Snaking along the southern edge of the Sahara Desert, the ten countries of the Sahel region are precariously dependent on rain. Survival has always required resilience and ingenuity, but climate change represents a new scale of challenge.
Recent years have seen intense weather changes, including intense and repeated flooding between 1999 and 2016, while recurring droughts have also had an impact.
“The consequences of drought on agropastoral production, food security, and socio-economic life are disastrous, ”says Maguette Kaire, the GCCA+ coordinator in the region.
To adapt to climate change, Sahel countries wanted to develop the expertise that would allow them to incorporate climate change issues into their national plans and budgets. However, the issue was new to the region, which lacked the technical knowledge.
The Intra-ACP GCCA Programme works with the Permanent Interstates Committee for Drought Control in
the Sahel (CILSS), building knowledge and capacity on climate change issues. Based in Burkina Faso, the centre has become region’s centre of excellence on issues relating to climate change.

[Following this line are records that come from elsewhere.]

(* Let $X$ be a compact metric space with metric $d$ and let $f\colon X\to X$ be a continuous map. If $f$ has the contractive shadowing property, then $f$ has the h-shadowing property.
   Context: For $\delta>0$, a sequence $(x_i)_{i\ge0}$ in $X$ is a $\delta$-pseudo orbit of $f$ if $d(f(x_i),x_{i+1})\le\delta$ for all $i\ge0$; it is $\epsilon$-shadowed by $x\in X$ if $d(f^i(x),x_i)\le\epsilon$ for all $i\ge0$. For $L>0$, $f$ has the $L$-Lipschitz shadowing property if there is $\delta_0>0$ such that for every $0<\delta\le\delta_0$, every $\delta$-pseudo orbit of $f$ is $L\delta$-shadowed by some point of $X$. $f$ has the contractive shadowing property if it has the $L$-Lipschitz shadowing property for some $0<L<1$. A finite sequence $(x_i)_{i=0}^k$ ($k\ge1$) is a $\delta$-chain of $f$ if $d(f(x_i),x_{i+1})\le\delta$ for $0\le i\le k-1$. $f$ has the h-shadowing property if for every $\epsilon>0$ there is $\delta>0$ such that for every $\delta$-chain $(x_i)_{i=0}^k$ of $f$ there is $x\in X$ with $d(f^i(x),x_i)\le\epsilon$ for all $0\le i\le k-1$ and $f^k(x)=x_k$. *)

theory Defs
  imports "HOL-Analysis.Analysis"
begin

text \<open>Dynamics of a map f on a subset X of a metric space (X with the induced metric).\<close>

definition pseudo_orbit :: "'a::metric_space set \<Rightarrow> ('a \<Rightarrow> 'a) \<Rightarrow> real \<Rightarrow> (nat \<Rightarrow> 'a) \<Rightarrow> bool" where
  "pseudo_orbit X f \<delta> xs \<longleftrightarrow> (\<forall>i. xs i \<in> X) \<and> (\<forall>i. dist (f (xs i)) (xs (Suc i)) \<le> \<delta>)"

definition shadows :: "('a::metric_space \<Rightarrow> 'a) \<Rightarrow> real \<Rightarrow> 'a \<Rightarrow> (nat \<Rightarrow> 'a) \<Rightarrow> bool" where
  "shadows f \<epsilon> x xs \<longleftrightarrow> (\<forall>i. dist ((f ^^ i) x) (xs i) \<le> \<epsilon>)"

definition lipschitz_shadowing :: "'a::metric_space set \<Rightarrow> ('a \<Rightarrow> 'a) \<Rightarrow> real \<Rightarrow> bool" where
  "lipschitz_shadowing X f L \<longleftrightarrow>
     (\<exists>\<delta>0>0. \<forall>\<delta>. 0 < \<delta> \<and> \<delta> \<le> \<delta>0 \<longrightarrow>
        (\<forall>xs. pseudo_orbit X f \<delta> xs \<longrightarrow> (\<exists>x\<in>X. shadows f (L * \<delta>) x xs)))"

definition contractive_shadowing :: "'a::metric_space set \<Rightarrow> ('a \<Rightarrow> 'a) \<Rightarrow> bool" where
  "contractive_shadowing X f \<longleftrightarrow> (\<exists>L. 0 < L \<and> L < 1 \<and> lipschitz_shadowing X f L)"

definition delta_chain :: "'a::metric_space set \<Rightarrow> ('a \<Rightarrow> 'a) \<Rightarrow> real \<Rightarrow> nat \<Rightarrow> (nat \<Rightarrow> 'a) \<Rightarrow> bool" where
  "delta_chain X f \<delta> k xs \<longleftrightarrow> 1 \<le> k \<and> (\<forall>i\<le>k. xs i \<in> X) \<and>
     (\<forall>i<k. dist (f (xs i)) (xs (Suc i)) \<le> \<delta>)"

definition h_shadowing :: "'a::metric_space set \<Rightarrow> ('a \<Rightarrow> 'a) \<Rightarrow> bool" where
  "h_shadowing X f \<longleftrightarrow>
     (\<forall>\<epsilon>>0. \<exists>\<delta>>0. \<forall>k xs. delta_chain X f \<delta> k xs \<longrightarrow>
        (\<exists>x\<in>X. (\<forall>i<k. dist ((f ^^ i) x) (xs i) \<le> \<epsilon>) \<and> (f ^^ k) x = xs k))"

end

theory Submission
  imports Defs
begin

text \<open>
  Shadow a \<open>\<delta>\<close>-chain, continued by the true orbit of its endpoint, to within \<open>L\<delta>\<close>.
  Among the points whose first \<open>k\<close> iterates stay close to the chain, take one minimising the
  endpoint error \<open>g y = d(f\<^sup>k y, x\<^sub>k)\<close>; this is possible by compactness. If \<open>g y > 0\<close>, the orbit
  of \<open>y\<close> followed by a jump to \<open>x\<^sub>k\<close> is a \<open>g y\<close>-pseudo orbit, and a point shadowing it has
  endpoint error at most \<open>L g y < g y\<close>. Measuring closeness by
  \<open>d(f\<^sup>i y, x\<^sub>i) + L/(1-L) \<cdot> g y\<close>, which this step does not increase, the new point is again
  admissible, contradicting minimality. Hence \<open>f\<^sup>k y = x\<^sub>k\<close>.
\<close>

lemma funpow_in_invariant_set:
  assumes "f ` X \<subseteq> X" "x \<in> X"
  shows "(f ^^ n) x \<in> X"
  using assms by (induction n) auto

lemma continuous_on_funpow:
  assumes "continuous_on X f" "f ` X \<subseteq> X"
  shows "continuous_on X (f ^^ n)"
proof (induction n)
  case 0
  then show ?case by simp
next
  case (Suc n)
  have "(f ^^ n) ` X \<subseteq> X"
    using funpow_in_invariant_set[OF assms(2)] by blast
  then have "continuous_on X (f \<circ> (f ^^ n))"
    using continuous_on_compose[OF Suc] continuous_on_subset[OF assms(1)] by blast
  then show ?case by simp
qed

lemma compact_Collect_continuous_le:
  fixes h :: "'i \<Rightarrow> 'a::metric_space \<Rightarrow> real"
  assumes "compact X" and "\<And>i. i \<in> I \<Longrightarrow> continuous_on X (h i)"
  shows "compact {y \<in> X. \<forall>i\<in>I. h i y \<le> c i}"
proof -
  have "closed X"
    using assms(1) by (rule compact_imp_closed)
  then have "closed (X \<inter> h i -` {..c i})" if "i \<in> I" for i
    using continuous_closed_preimage[OF assms(2)[OF that]] by blast
  then have "closed (\<Inter>i\<in>I. X \<inter> h i -` {..c i})"
    by blast
  moreover have "{y \<in> X. \<forall>i\<in>I. h i y \<le> c i} = X \<inter> (\<Inter>i\<in>I. X \<inter> h i -` {..c i})"
    by auto
  ultimately show ?thesis
    using compact_Int_closed[OF assms(1)] by simp
qed

definition extend_by_orbit :: "('a \<Rightarrow> 'a) \<Rightarrow> nat \<Rightarrow> (nat \<Rightarrow> 'a) \<Rightarrow> nat \<Rightarrow> 'a" where
  "extend_by_orbit f k xs i = (if i \<le> k then xs i else (f ^^ (i - k)) (xs k))"

lemma pseudo_orbit_extend_by_orbit:
  assumes "f ` X \<subseteq> X" "0 \<le> \<delta>"
    and "\<And>i. i \<le> k \<Longrightarrow> xs i \<in> X"
    and "\<And>i. i < k \<Longrightarrow> dist (f (xs i)) (xs (Suc i)) \<le> \<delta>"
  shows "pseudo_orbit X f \<delta> (extend_by_orbit f k xs)"
  unfolding pseudo_orbit_def
proof (intro conjI allI)
  fix i
  show "extend_by_orbit f k xs i \<in> X"
    using assms(3) funpow_in_invariant_set[OF assms(1)] by (simp add: extend_by_orbit_def)
  show "dist (f (extend_by_orbit f k xs i)) (extend_by_orbit f k xs (Suc i)) \<le> \<delta>"
  proof (cases "i < k")
    case True
    then show ?thesis using assms(4) by (simp add: extend_by_orbit_def)
  next
    case False
    then have "Suc i - k = Suc (i - k)" by simp
    with False have "f (extend_by_orbit f k xs i) = extend_by_orbit f k xs (Suc i)"
      by (cases "i = k") (auto simp: extend_by_orbit_def)
    then show ?thesis using assms(2) by simp
  qed
qed

locale lipschitz_shadowing_map =
  fixes X :: "'a::metric_space set" and f :: "'a \<Rightarrow> 'a" and L \<delta>0 :: real
  assumes maps_into: "f ` X \<subseteq> X" and \<delta>0_pos: "0 < \<delta>0"
    and shadows_pseudo_orbit:
      "\<And>\<delta> xs. 0 < \<delta> \<Longrightarrow> \<delta> \<le> \<delta>0 \<Longrightarrow> pseudo_orbit X f \<delta> xs \<Longrightarrow> \<exists>x\<in>X. shadows f (L * \<delta>) x xs"
begin

lemma shadows_finite_chain:
  assumes "0 < \<delta>" "\<delta> \<le> \<delta>0"
    and "\<And>i. i \<le> k \<Longrightarrow> xs i \<in> X"
    and "\<And>i. i < k \<Longrightarrow> dist (f (xs i)) (xs (Suc i)) \<le> \<delta>"
  shows "\<exists>x\<in>X. \<forall>i\<le>k. dist ((f ^^ i) x) (xs i) \<le> L * \<delta>"
proof -
  have "pseudo_orbit X f \<delta> (extend_by_orbit f k xs)"
    using assms by (intro pseudo_orbit_extend_by_orbit maps_into) auto
  then obtain x where "x \<in> X" and x: "shadows f (L * \<delta>) x (extend_by_orbit f k xs)"
    using shadows_pseudo_orbit assms(1,2) by blast
  have "dist ((f ^^ i) x) (xs i) \<le> L * \<delta>" if "i \<le> k" for i
    using x that unfolding shadows_def by (metis extend_by_orbit_def)
  then show ?thesis
    using \<open>x \<in> X\<close> by blast
qed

In April 2013, for example, the Intra-ACP GCCA Programme funded technical experts to help the CILSS produce a course on climate change and to train trainers to share the knowledge more widely.
Some 11 CILSS participants received training in a small town about 100 kilometres west of Burkina Faso’s capital, Ouagadougou. It covered eight modules ranging from the effects of climate change on sustainable development through to prioritising options on adaptation and mitigation, budgeting, and monitoring and evaluation.
The consultant produced a first draft of a training guide and helped CILSS trainers to complete and implement it.
“The CILSS helps the region by training managers on climate change and climate negotiation, also by providing information on climate and sustainable land management,” says Maguette.
By September 2018, CILSS had trained more than 275 government officials from ministries across the region, including from Benin, Burkina Faso, Côte d’Ivoire, Niger, Senegal, Chad, and Togo. Niger had also been supported to integrate climate change issues into its livestock sector.